- Opening Delimiter -

lemma fps_deriv_one_minus_t_pow:
  "fps_deriv (one_minus_t_pow c) = - fps_const c * one_minus_t_pow (c - 1)"
proof (rule fps_ext)
  fix n
  have "fps_deriv (one_minus_t_pow c) $ n = real (Suc n) * (pochhammer (- c) (Suc n) / fact (Suc n))"
    by (simp add: one_minus_t_pow_nth)
  also have "\<dots> = - c * (pochhammer (- c + 1) n / fact n)"
    by (simp add: pochhammer_rec field_simps del: of_nat_Suc)
  finally show "fps_deriv (one_minus_t_pow c) $ n = (- fps_const c * one_minus_t_pow (c - 1)) $ n"
    by (simp add: one_minus_t_pow_nth)
qed

lemma fact_mult_one_minus_t_pow_nth:
  "fact n * (F * one_minus_t_pow c) $ n
     = (\<Sum>j=0..n. real (n choose j) * pochhammer (- c) (n - j) * (fact j * F $ j))"
  unfolding fps_mult_nth one_minus_t_pow_nth sum_distrib_left
proof (rule sum.cong[OF refl])
  fix j assume "j \<in> {0..n}"
  then have "real (n choose j) = fact n / (fact j * fact (n - j))"
    by (simp add: binomial_fact)
  then show "fact n * (F $ j * (pochhammer (- c) (n - j) / fact (n - j)))
      = real (n choose j) * pochhammer (- c) (n - j) * (fact j * F $ j)"
    by (simp add: field_simps)
qed

lemma fps_nth_deriv_nth_deriv: "fps_nth_deriv n (fps_nth_deriv m f) = fps_nth_deriv (m + n) f"
  by (induction m arbitrary: f) simp_all

definition P_gf_log_deriv :: "real \<Rightarrow> real \<Rightarrow> real \<Rightarrow> real fps" where
  "P_gf_log_deriv \<alpha> \<beta> x =
     - fps_const \<alpha> * one_minus_t_pow (- 1) - fps_const (\<beta> * x) * one_minus_t_pow (\<beta> - 1)"

lemma fps_deriv_P_gf: "fps_deriv (P_gf \<alpha> \<beta> x) = P_gf \<alpha> \<beta> x * P_gf_log_deriv \<alpha> \<beta> x"
proof -
  define E where "E = fps_exp x oo (one_minus_t_pow \<beta> - 1)"
  have z: "(one_minus_t_pow \<beta> - 1) $ 0 = 0"
    by (simp add: one_minus_t_pow_nth)
  have "fps_deriv E = fps_const x * E * fps_deriv (one_minus_t_pow \<beta>)"
    unfolding E_def fps_compose_deriv[OF z] fps_exp_deriv fps_compose_mult_distrib[OF z] by simp
  moreover have "one_minus_t_pow (\<alpha> - 1) = one_minus_t_pow \<alpha> * one_minus_t_pow (- 1)"
    by (simp add: one_minus_t_pow_add)
  ultimately show ?thesis
    unfolding P_gf_def P_gf_log_deriv_def fps_deriv_mult E_def[symmetric] fps_deriv_one_minus_t_pow
    by (simp del: fps_const_neg add: algebra_simps)
qed

lemma fps_deriv_one_minus_t_pow_log_deriv:
  "fps_deriv (one_minus_t_pow a) + one_minus_t_pow a * P_gf_log_deriv \<alpha> \<beta> x
     = - fps_const (a + \<alpha>) * one_minus_t_pow (a - 1) - fps_const (\<beta> * x) * one_minus_t_pow (a + \<beta> - 1)"
proof -
  have "fps_deriv (one_minus_t_pow a) + one_minus_t_pow a * P_gf_log_deriv \<alpha> \<beta> x
      = - fps_const a * one_minus_t_pow (a - 1) - fps_const \<alpha> * (one_minus_t_pow a * one_minus_t_pow (- 1))
        - fps_const (\<beta> * x) * (one_minus_t_pow a * one_minus_t_pow (\<beta> - 1))"
    by (simp del: fps_const_neg add: P_gf_log_deriv_def fps_deriv_one_minus_t_pow algebra_simps)
  also have "\<dots> = - fps_const a * one_minus_t_pow (a - 1) - fps_const \<alpha> * one_minus_t_pow (a - 1)
        - fps_const (\<beta> * x) * one_minus_t_pow (a + \<beta> - 1)"
    by (simp add: one_minus_t_pow_add add_diff_eq)
  finally show ?thesis
    by (simp del: fps_const_neg fps_const_add add: ring_distribs flip: fps_const_add)
qed

definition P_gf_deriv_ratio :: "real \<Rightarrow> real \<Rightarrow> real \<Rightarrow> nat \<Rightarrow> real fps" where
  "P_gf_deriv_ratio \<alpha> \<beta> x m =
     (\<Sum>k=0..m. fps_const (S_ab \<alpha> \<beta> m k * x ^ k) * one_minus_t_pow (\<beta> * real k - real m))"

lemma P_gf_deriv_ratio_Suc:
  "fps_deriv (P_gf_deriv_ratio \<alpha> \<beta> x m) + P_gf_deriv_ratio \<alpha> \<beta> x m * P_gf_log_deriv \<alpha> \<beta> x
     = P_gf_deriv_ratio \<alpha> \<beta> x (Suc m)"
proof -
  define c where "c k = S_ab \<alpha> \<beta> m k * x ^ k" for k
  define T where "T k = one_minus_t_pow (\<beta> * real k - real (Suc m))" for k
  define A where "A k = fps_const (c k * (real m - \<alpha> - \<beta> * real k)) * T k" for k
  define B where "B k = fps_const (\<beta> * x * c k) * T (Suc k)" for k
  have summand: "fps_deriv (fps_const (c k) * one_minus_t_pow (\<beta> * real k - real m))
      + fps_const (c k) * one_minus_t_pow (\<beta> * real k - real m) * P_gf_log_deriv \<alpha> \<beta> x = A k - B k" for k
  proof -
    have "one_minus_t_pow (\<beta> * real k - real m - 1) = T k"
      "one_minus_t_pow (\<beta> * real k - real m + \<beta> - 1) = T (Suc k)"
      by (simp_all add: T_def algebra_simps)
    then have "fps_deriv (one_minus_t_pow (\<beta> * real k - real m))
        + one_minus_t_pow (\<beta> * real k - real m) * P_gf_log_deriv \<alpha> \<beta> x
        = - fps_const (\<beta> * real k - real m + \<alpha>) * T k - fps_const (\<beta> * x) * T (Suc k)"
      by (simp only: fps_deriv_one_minus_t_pow_log_deriv)
    then have "fps_deriv (fps_const (c k) * one_minus_t_pow (\<beta> * real k - real m))
        + fps_const (c k) * one_minus_t_pow (\<beta> * real k - real m) * P_gf_log_deriv \<alpha> \<beta> x
        = fps_const (c k) * (- fps_const (\<beta> * real k - real m + \<alpha>) * T k - fps_const (\<beta> * x) * T (Suc k))"
      by (simp only: fps_deriv_mult_const_left mult.assoc flip: distrib_left)
    also have "\<dots> = A k - B k"
      by (rule fps_ext) (simp add: A_def B_def algebra_simps)
    finally show ?thesis .
  qed
  have "fps_deriv (P_gf_deriv_ratio \<alpha> \<beta> x m) + P_gf_deriv_ratio \<alpha> \<beta> x m * P_gf_log_deriv \<alpha> \<beta> x
      = (\<Sum>k=0..m. fps_deriv (fps_const (c k) * one_minus_t_pow (\<beta> * real k - real m))
          + fps_const (c k) * one_minus_t_pow (\<beta> * real k - real m) * P_gf_log_deriv \<alpha> \<beta> x)"
    unfolding P_gf_deriv_ratio_def c_def fps_deriv_sum sum_distrib_right sum.distrib ..
  also have "\<dots> = (\<Sum>k=0..m. A k) - (\<Sum>k=0..m. B k)"
    unfolding summand by (rule sum_subtractf)
  also have "(\<Sum>k=0..m. A k) = (\<Sum>k=0..Suc m. A k)"
    by (simp add: A_def c_def S_ab_eq_0)
  also have "\<dots> = A 0 + (\<Sum>k=0..m. A (Suc k))"
    unfolding sum.atLeast0_atMost_Suc_shift comp_def ..
  also have "A 0 + (\<Sum>k=0..m. A (Suc k)) - (\<Sum>k=0..m. B k) = A 0 + (\<Sum>k=0..m. A (Suc k) - B k)"
    by (simp add: sum_subtractf)
  also have "\<dots> = P_gf_deriv_ratio \<alpha> \<beta> x (Suc m)"
    unfolding P_gf_deriv_ratio_def sum.atLeast0_atMost_Suc_shift comp_def
  proof (intro arg_cong2[where f = "(+)"] sum.cong[OF refl])
    show "A 0 = fps_const (S_ab \<alpha> \<beta> (Suc m) 0 * x ^ 0) * one_minus_t_pow (\<beta> * real 0 - real (Suc m))"
      by (simp add: A_def c_def T_def S_ab_Suc_0 mult.commute)
    fix k
    have "S_ab \<alpha> \<beta> (Suc m) (Suc k) * x ^ Suc k = c (Suc k) * (real m - \<alpha> - \<beta> * real (Suc k)) - \<beta> * x * c k"
      by (simp add: c_def S_ab_Suc_Suc algebra_simps)
    then show "A (Suc k) - B k = fps_const (S_ab \<alpha> \<beta> (Suc m) (Suc k) * x ^ Suc k)
        * one_minus_t_pow (\<beta> * real (Suc k) - real (Suc m))"
      by (simp add: A_def B_def T_def flip: left_diff_distrib fps_const_sub)
  qed
  finally show ?thesis .
qed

- Closing Delimiter -

Task goal:
Only lines containing the string "thesis" belong in the answer; find them in the data above and copy them.

Task result:
  ultimately show ?thesis
  finally show ?thesis
    finally show ?thesis .
  finally show ?thesis .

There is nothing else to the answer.